In this study, T56 turboprop engine was theoretically modelled for 75% load, 100% load, military (MIL)
mode, and Take-off mode conditions. For each load conditions, thermoeconomic analyses of T56 turboprop engine
were performed to allocate the unit costs of shaft work and thrust and to determine exergy destruction cost rates for
system equipment. In thermoeconomic analyses, Specific Exergy Costing (SPECO) and Modified Productive Structure
Analysis (MOPSA) methods were used. MOPSA method gave higher unit cost values for shaft work and thrust
compared to SPECO method.
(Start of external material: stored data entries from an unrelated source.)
(* Let $k_0$ be a field with $\operatorname{char}k_0\neq3$. Let $T\subset E_6^{\mathrm{ad}}$ be a split maximal torus with root system $\Phi\subset X(T)$ and Weyl group $W$. There exists a surjective homomorphism $\varepsilon:X(T)\to\mathbb{F}_3^2$ such that $\varepsilon(\alpha)\neq0$ for all $\alpha\in\Phi$, $X(T)^{W(\varepsilon)_3}=\{0\}$ for a Sylow $3$-subgroup $W(\varepsilon)_3$ of $W(\varepsilon)$, and $\operatorname{Rank}(W(\varepsilon),X(T);3)\geq12$.
   Context: $E_6^{\mathrm{ad}}$ is the split adjoint group of type $E_6$ over $k_0$. $W(\varepsilon)=\{w\in W:\varepsilon(w.\chi)=\varepsilon(\chi)\ \forall\chi\in X(T)\}$. For a finite group $S$ acting on a finitely generated abelian group $\mathcal{U}$ with Sylow $p$-subgroup $S_p$, $\operatorname{Rank}(S,\mathcal{U};p)$ is the minimal size of an $S_p$-invariant subset of $\mathcal{U}$ generating a subgroup of finite index prime to $p$. *)

theory Defs
  imports "HOL-Analysis.Analysis"
begin

text \<open>For the split adjoint group E6 the character lattice X(T) is the root lattice.
  We identify X(T) with int^6 using the basis of simple roots alpha_1,...,alpha_6
  (Bourbaki numbering 1..6 mapped to indices 0..5 of the type 6).\<close>

type_synonym charlat = "int ^ 6"
type_synonym weylmat = "int ^ 6 ^ 6"

definition idx :: "6 \<Rightarrow> nat" where
  "idx i = nat (Rep_bit0 i)"

text \<open>Cartan matrix of E6, Bourbaki labelling: Dynkin edges 1-3, 3-4, 4-5, 5-6, 2-4.
  In 0-based indices: 0-2, 2-3, 3-4, 4-5, 1-3.\<close>
definition e6_edge :: "nat \<Rightarrow> nat \<Rightarrow> bool" where
  "e6_edge a b \<longleftrightarrow> {a, b} \<in> {{0,2}, {2,3}, {3,4}, {4,5}, {1,3}}"

definition cartan :: "6 \<Rightarrow> 6 \<Rightarrow> int" where
  "cartan i j = (if i = j then 2 else if e6_edge (idx i) (idx j) then -1 else 0)"

definition simple_root :: "6 \<Rightarrow> charlat" where
  "simple_root i = axis i 1"

text \<open>Simple reflection s_i(x) = x - <x, alpha_i^vee> alpha_i, as an integer matrix
  in the simple-root basis.\<close>
definition simple_refl :: "6 \<Rightarrow> weylmat" where
  "simple_refl i = (\<chi> k j. (if k = j then 1 else 0) - (if k = i then cartan j i else 0))"

inductive_set weyl_group :: "weylmat set" where
  one: "mat 1 \<in> weyl_group"
| step: "w \<in> weyl_group \<Longrightarrow> simple_refl i ** w \<in> weyl_group"

definition roots :: "charlat set" where
  "roots = {w *v simple_root i | w i. w \<in> weyl_group}"

definition W_eps :: "(charlat \<Rightarrow> 'b) \<Rightarrow> weylmat set" where
  "W_eps eps = {w \<in> weyl_group. \<forall>x. eps (w *v x) = eps x}"

definition is_subgroup :: "(int ^ 'a::finite ^ 'a) set \<Rightarrow> (int ^ 'a::finite ^ 'a) set \<Rightarrow> bool" where
  "is_subgroup P S \<longleftrightarrow> P \<subseteq> S \<and> mat 1 \<in> P \<and> (\<forall>a\<in>P. \<forall>b\<in>P. a ** b \<in> P)
     \<and> (\<forall>a\<in>P. \<exists>b\<in>P. a ** b = mat 1 \<and> b ** a = mat 1)"

definition sylow :: "nat \<Rightarrow> (int ^ 'a::finite ^ 'a) set \<Rightarrow> (int ^ 'a ^ 'a) set \<Rightarrow> bool" where
  "sylow p S P \<longleftrightarrow> is_subgroup P S \<and> card P = p ^ multiplicity p (card S)"

definition fixed_pts :: "(int ^ 'a ^ 'a) set \<Rightarrow> (int ^ 'a::finite) set" where
  "fixed_pts P = {x. \<forall>w\<in>P. w *v x = x}"

definition gen_subgroup :: "(int ^ 'a::finite) set \<Rightarrow> (int ^ 'a) set" where
  "gen_subgroup A = {x. \<exists>c. x = (\<Sum>a\<in>A. c a *s a)}"

definition cosets :: "(int ^ 'a::finite) set \<Rightarrow> (int ^ 'a) set set" where
  "cosets L = range (\<lambda>x. (\<lambda>l. x + l) ` L)"

definition finite_index_prime_to :: "nat \<Rightarrow> (int ^ 'a::finite) set \<Rightarrow> bool" where
  "finite_index_prime_to p L \<longleftrightarrow> finite (cosets L) \<and> \<not> p dvd card (cosets L)"

text \<open>Rank(S, U; p) for S acting on U = int^n by matrices, with respect to a Sylow
  p-subgroup Sp: the minimal size of an Sp-invariant subset of U generating a
  subgroup of finite index prime to p.\<close>
definition invariant_gen_set :: "nat \<Rightarrow> (int ^ 'a ^ 'a) set \<Rightarrow> (int ^ 'a::finite) set \<Rightarrow> bool" where
  "invariant_gen_set p Sp A \<longleftrightarrow> finite A \<and> (\<forall>w\<in>Sp. \<forall>a\<in>A. w *v a \<in> A)
      \<and> finite_index_prime_to p (gen_subgroup A)"

definition Rank :: "nat \<Rightarrow> (int ^ 'a ^ 'a) set \<Rightarrow> (int ^ 'a::finite ^ 'a) set \<Rightarrow> nat" where
  "Rank p S Sp = (LEAST n. \<exists>A :: (int ^ 'a) set. invariant_gen_set p Sp A \<and> card A = n)"

end

theory Submission
  imports Defs
begin

(* Take eps(x) = (x_4, x_1 + x_2 + x_3 + x_5 + x_6) mod 3 for x = sum x_i alpha_i in Bourbaki
   labels; all 72 roots have nonzero image. The stabiliser W(eps) is found by exhaustive search:
   an element of W is determined by the images of the simple roots, which are roots with the same
   eps-values, with the Cartan matrix as Gram matrix, and fixing 3 omega_1 modulo 3 X(T). Exactly
   27 such frames exist, each realised by an explicit word in the simple reflections, so W(eps)
   has order 27 and is its own unique Sylow 3-subgroup. Two explicit elements G1, G2 of W(eps)
   have no common nonzero fixed vector.

   For the rank: the image under eps of a generating set of index prime to 3 spans F_3^2, so the
   set meets two different nonzero eps-fibres. These fibres are W(eps)-stable, and every
   W(eps)-orbit of a nonzero vector x has at least 6 elements: an element Z of order 3 acts
   without fixed points, and G1 or G2 moves x out of its Z-orbit. *)

lemma matrix_vector_mult_axis: "(A *v axis j 1) $ k = (A $ k $ j :: 'a::semiring_1)"
  by (simp add: matrix_vector_mult_def axis_def if_distrib if_distribR cong: if_cong)

lemma matrix_vector_mult_smult: "A *v (c *s x) = c *s (A *v x :: 'a::comm_semiring_1^'m)"
  by (simp add: vec_eq_iff matrix_vector_mult_def sum_distrib_left mult_ac)

lemma additive_smult_int:
  fixes f :: "int^'n \<Rightarrow> 'a::ring_1^'m"
  assumes "\<And>x y. f (x + y) = f x + f y"
  shows "f (c *s x) = of_int c *s f x"
proof -
  interpret additive f by unfold_locales fact
  have nat: "f (int n *s x) = of_nat n *s f x" for n
    by (induction n) (simp_all add: zero add)
  show ?thesis
  proof (cases c rule: int_cases)
    case (nonneg n)
    then show ?thesis using nat by simp
  next
    case (neg n)
    then have "c *s x = - (int (Suc n) *s x)" by (simp add: vec_eq_iff)
    then have "f (c *s x) = - (of_nat (Suc n) *s f x)" by (simp only: minus nat)
    then show ?thesis using neg by (simp add: vec_eq_iff)
  qed
qed

lemma additive_matrix_invariant_iff:
  fixes f :: "int^'n \<Rightarrow> 'a::comm_ring_1^'m" and w :: "int^'n^'n"
  assumes "\<And>x y. f (x + y) = f x + f y"
  shows "(\<forall>x. f (w *v x) = f x) \<longleftrightarrow> (\<forall>j. f (w *v axis j 1) = f (axis j 1))"
proof (intro iffI allI)
  interpret additive f by unfold_locales fact
  fix x
  assume on_basis: "\<forall>j. f (w *v axis j 1) = f (axis j 1)"
  have "w *v x = (\<Sum>j\<in>UNIV. x $ j *s (w *v axis j 1))"
    unfolding vec_eq_iff
    by (simp add: matrix_vector_mult_axis) (simp add: matrix_vector_mult_def mult.commute)
  then have "f (w *v x) = f (\<Sum>j\<in>UNIV. x $ j *s (w *v axis j 1))" by simp
  also have "\<dots> = (\<Sum>j\<in>UNIV. of_int (x $ j) *s f (axis j 1))"
    by (simp add: sum additive_smult_int[OF assms] on_basis)
  also have "\<dots> = f (\<Sum>j\<in>UNIV. x $ j *s axis j 1)"
    by (simp add: sum additive_smult_int[OF assms])
  finally show "f (w *v x) = f x" by (simp add: basis_expansion)
qed simp

section \<open>Generating sets of index prime to \<open>p\<close>\<close>

lemma gen_subgroup_0: "0 \<in> gen_subgroup A"
  unfolding gen_subgroup_def by (auto intro: exI[of _ "\<lambda>_. 0"])

lemma gen_subgroup_add:
  assumes "u \<in> gen_subgroup A" "v \<in> gen_subgroup A"
  shows "u + v \<in> gen_subgroup A"
proof -
  obtain c d where "u = (\<Sum>a\<in>A. c a *s a)" "v = (\<Sum>a\<in>A. d a *s a)"
    using assms by (auto simp: gen_subgroup_def)
  then have "u + v = (\<Sum>a\<in>A. (c a + d a) *s a)"
    by (simp add: sum.distrib vector_sadd_rdistrib)
  then show ?thesis unfolding gen_subgroup_def mem_Collect_eq by (intro exI[of _ "\<lambda>a. c a + d a"])
qed

lemma gen_subgroup_smult:
  assumes "u \<in> gen_subgroup A"
  shows "k *s u \<in> gen_subgroup A"
proof -
  obtain c where "u = (\<Sum>a\<in>A. c a *s a)"
    using assms by (auto simp: gen_subgroup_def)
  then have "k *s u = (\<Sum>a\<in>A. (k * c a) *s a)"
    by (simp add: vec_eq_iff sum_distrib_left mult.assoc)
  then show ?thesis unfolding gen_subgroup_def mem_Collect_eq by (intro exI[of _ "\<lambda>a. k * c a"])
qed

lemma gen_subgroup_sum: "(\<And>i. i \<in> I \<Longrightarrow> f i \<in> gen_subgroup A) \<Longrightarrow> sum f I \<in> gen_subgroup A"
  by (induction I rule: infinite_finite_induct) (auto intro: gen_subgroup_0 gen_subgroup_add)

lemma gen_subgroup_mem:
  assumes "finite A" "a \<in> A"
  shows "a \<in> gen_subgroup A"
proof -
  have "(\<Sum>b\<in>A. (if b = a then 1 else 0) *s b) = (\<Sum>b\<in>A. if b = a then a else 0)"
    by (rule sum.cong) auto
  also have "\<dots> = a" using assms by simp
  finally show ?thesis
    unfolding gen_subgroup_def mem_Collect_eq by (intro exI[of _ "\<lambda>b. if b = a then 1 else 0"]) simp
qed

lemma translate_coset:
  assumes "K \<in> cosets L"
  shows "(+) x ` K \<in> cosets L"
proof -
  obtain y where "K = (+) y ` L" using assms unfolding cosets_def by blast
  then have "(+) x ` K = (+) (x + y) ` L" by (simp add: image_image add.assoc)
  then show ?thesis by (simp add: cosets_def)
qed

text \<open>The index kills every element: translation by \<open>x\<close> permutes the cosets, so summing
  \<open>rep (x + K) - rep K \<in> x + L\<close> over all cosets \<open>K\<close> gives \<open>n x \<in> L\<close>.\<close>

lemma card_cosets_smult_mem:
  fixes A :: "(int^'n::finite) set"
  defines "L \<equiv> gen_subgroup A"
  shows "int (card (cosets L)) *s x \<in> L"
proof -
  define rep where "rep K = (SOME y. K = (+) y ` L)" for K
  have rep: "K = (+) (rep K) ` L" if K: "K \<in> cosets L" for K
  proof -
    obtain y where "K = (+) y ` L" using K unfolding cosets_def by blast
    then show ?thesis unfolding rep_def by (rule someI)
  qed
  have inv: "(+) (- x) ` ((+) x ` K) = K" "(+) x ` ((+) (- x) ` K) = K" for K
    by (simp_all add: image_image)
  have bij: "bij_betw ((`) ((+) x)) (cosets L) (cosets L)"
  proof (rule bij_betw_byWitness[where f' = "(`) ((+) (- x))"])
    show "(`) ((+) x) ` cosets L \<subseteq> cosets L" "(`) ((+) (- x)) ` cosets L \<subseteq> cosets L"
      by (rule image_subsetI, erule translate_coset)+
  qed (use inv in blast)+
  have "rep ((+) x ` K) - (x + rep K) \<in> L" if K: "K \<in> cosets L" for K
  proof -
    have "rep ((+) x ` K) + 0 \<in> (+) (rep ((+) x ` K)) ` L"
      using gen_subgroup_0 unfolding L_def by blast
    then have "rep ((+) x ` K) \<in> (+) x ` K"
      using rep[OF translate_coset[OF K]] by simp
    then obtain k where k: "k \<in> K" "rep ((+) x ` K) = x + k" by blast
    obtain l where "l \<in> L" "k = rep K + l"
      using k(1) rep[OF K] by blast
    then show ?thesis using k(2) by (simp add: algebra_simps)
  qed
  then have "(\<Sum>K\<in>cosets L. rep ((+) x ` K) - (x + rep K)) \<in> L"
    unfolding L_def by (rule gen_subgroup_sum)
  moreover have "(\<Sum>K\<in>cosets L. rep ((+) x ` K)) = (\<Sum>K\<in>cosets L. rep K)"
    using sum.reindex_bij_betw[OF bij] .
  then have "(\<Sum>K\<in>cosets L. rep ((+) x ` K) - (x + rep K)) = (- int (card (cosets L))) *s x"
    by (simp add: sum_subtractf sum.distrib vec_eq_iff of_nat_index)
  ultimately have "(- 1) *s ((- int (card (cosets L))) *s x) \<in> L"
    unfolding L_def by (metis gen_subgroup_smult)
  then show ?thesis by (simp add: vector_smult_assoc)
qed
As a result, for Take-off mode, the unit cost of shaft work transferred to propeller was
determined to be 78.87 $/GJ in SPECO method, while this value was calculated to be 84.68 $/GJ with MOPSA method.
The unit cost of negentropy of T56 turboprop engine decreased with increasing in engine load and ranged from 14.98
$/GJ to 11.08 $/GJ. The exergy destruction cost rates obtained with MOPSA method for the system equipment were
considerably lower than the results obtained with SPECO method. For instance, in Take-off mode, exergy destruction
cost rate of combustion chamber was calculated to be 865.10 $/h in SPECO method, whereas it was calculated to be
247.94 $/h in MOPSA method. The exergoeconomic factor of overall system was determined to be 23.07% in SPECO
method, and 54.16% in MOPSA method for Take-off mode.